_RECORDS FOR THE TASK_.
lemma Vspace_const_on_initial:
  assumes p: "\<forall>x. p x > 0" and v: "v \<in> Vspace p \<alpha> \<beta> \<theta>"
    and \<alpha>: "\<alpha> \<le> 1" and x: "x \<in> {0..\<alpha>}"
  shows "v x = v 0"
proof -
  have [measurable]: "h1deriv v \<in> borel_measurable lborel"
    by (rule is_weak_deriv_borel_measurable[OF is_weak_deriv_h1deriv[OF Vspace_in_H1[OF v]]])
  have "AE t in lborel. t \<in> {0..x} \<longrightarrow> h1deriv v t = 0"
    using Vspace_deriv_AE_zero[OF p v] AE_lborel_singleton[of 0] AE_lborel_singleton[of x]
    by eventually_elim (use x in \<open>auto simp: Q1_def\<close>)
  then have "(LINT t:{0..x}|lborel. h1deriv v t) = (LINT t:{0..x}|lborel. 0)"
    by (intro set_lebesgue_integral_cong_AE) auto
  then show ?thesis
    using is_weak_deriv_eq[OF is_weak_deriv_h1deriv[OF Vspace_in_H1[OF v]], of x] x \<alpha>
    by (simp add: set_lebesgue_integral_def)
qed

lemma Vspace_norm_at_0_le:
  assumes p: "\<forall>x. p x > 0" and v: "v \<in> Vspace p \<alpha> \<beta> \<theta>" and \<alpha>: "0 < \<alpha>" "\<alpha> \<le> 1"
  shows "sqrt \<alpha> * cmod (v 0) \<le> H1norm v"
proof -
  have vH: "v \<in> H1"
    by (rule Vspace_in_H1[OF v])
  have "\<alpha> * (cmod (v 0))\<^sup>2 = (LINT t:{0..1}|lborel. indicator {0..\<alpha>} t * (cmod (v 0))\<^sup>2)"
    using \<alpha> by (simp add: set_integral_indicator Int_absorb1)
  also have "\<dots> \<le> (LINT t:{0..1}|lborel. (cmod (v t))\<^sup>2)"
  proof (rule set_integral_mono)
    show "set_integrable lborel {0..1} (\<lambda>t. indicator {0..\<alpha>} t * (cmod (v 0))\<^sup>2)"
      by (rule set_integrable_bounded_Icc[where C = "(cmod (v 0))\<^sup>2"]) (auto simp: indicator_def)
    show "set_integrable lborel {0..1} (\<lambda>t. (cmod (v t))\<^sup>2)"
      using vH by (simp add: H1_def)
    show "indicator {0..\<alpha>} t * (cmod (v 0))\<^sup>2 \<le> (cmod (v t))\<^sup>2" for t
      using Vspace_const_on_initial[OF p v \<alpha>(2), of t] by (auto simp: indicator_def)
  qed
  also have "\<dots> \<le> (H1norm v)\<^sup>2"
    unfolding H1norm_def
    using set_integral_nonneg[of "\<lambda>t. (cmod (v t))\<^sup>2"] set_integral_nonneg[of "\<lambda>t. (cmod (h1deriv v t))\<^sup>2"]
    by simp
  finally have "sqrt (\<alpha> * (cmod (v 0))\<^sup>2) \<le> H1norm v"
    using H1norm_nonneg real_le_lsqrt by (simp add: real_sqrt_le_iff)
  then show ?thesis
    by (simp add: real_sqrt_mult)
qed

definition phase :: "real \<Rightarrow> complex" where
  "phase \<theta> = exp (2 * pi * \<i> * complex_of_real \<theta>)"

lemma phase_close:
  assumes "0 < \<eta>"
  shows "\<exists>\<delta>>0. \<forall>\<theta>. \<bar>\<theta> - \<theta>1\<bar> \<le> \<delta> \<longrightarrow> cmod (phase \<theta> - phase \<theta>1) < \<eta>"
proof -
  have "isCont phase \<theta>1"
    unfolding phase_def by (intro continuous_intros)
  then obtain d where "d > 0" and d: "\<And>\<theta>. dist \<theta> \<theta>1 < d \<Longrightarrow> dist (phase \<theta>) (phase \<theta>1) < \<eta>"
    using continuous_at_eps_delta assms by blast
  then show ?thesis
    by (intro exI[of _ "d / 2"]) (auto simp: dist_norm)
qed

definition transfer :: "real \<Rightarrow> real \<Rightarrow> complex \<Rightarrow> (real \<Rightarrow> complex) \<Rightarrow> (real \<Rightarrow> complex)" where
  "transfer a b c u = (\<lambda>x. u x + c * u 0 * ramp a b x)"

lemma transfer_inverse: "0 < a \<Longrightarrow> a < b \<Longrightarrow> transfer a b (- c) (transfer a b c u) = u"
  by (simp add: transfer_def ramp_0 fun_eq_iff)

lemma inj_transfer: "0 < a \<Longrightarrow> a < b \<Longrightarrow> inj (transfer a b c)"
  by (rule inj_on_inverseI[where g = "transfer a b (- c)"]) (rule transfer_inverse)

_DESCRIPTION OF THE TASK_. Go through the data and show every line where "LINT" occurs.

_EXERCISE RESULT_.
  then have "(LINT t:{0..x}|lborel. h1deriv v t) = (LINT t:{0..x}|lborel. 0)"
  have "\<alpha> * (cmod (v 0))\<^sup>2 = (LINT t:{0..1}|lborel. indicator {0..\<alpha>} t * (cmod (v 0))\<^sup>2)"
  also have "\<dots> \<le> (LINT t:{0..1}|lborel. (cmod (v t))\<^sup>2)"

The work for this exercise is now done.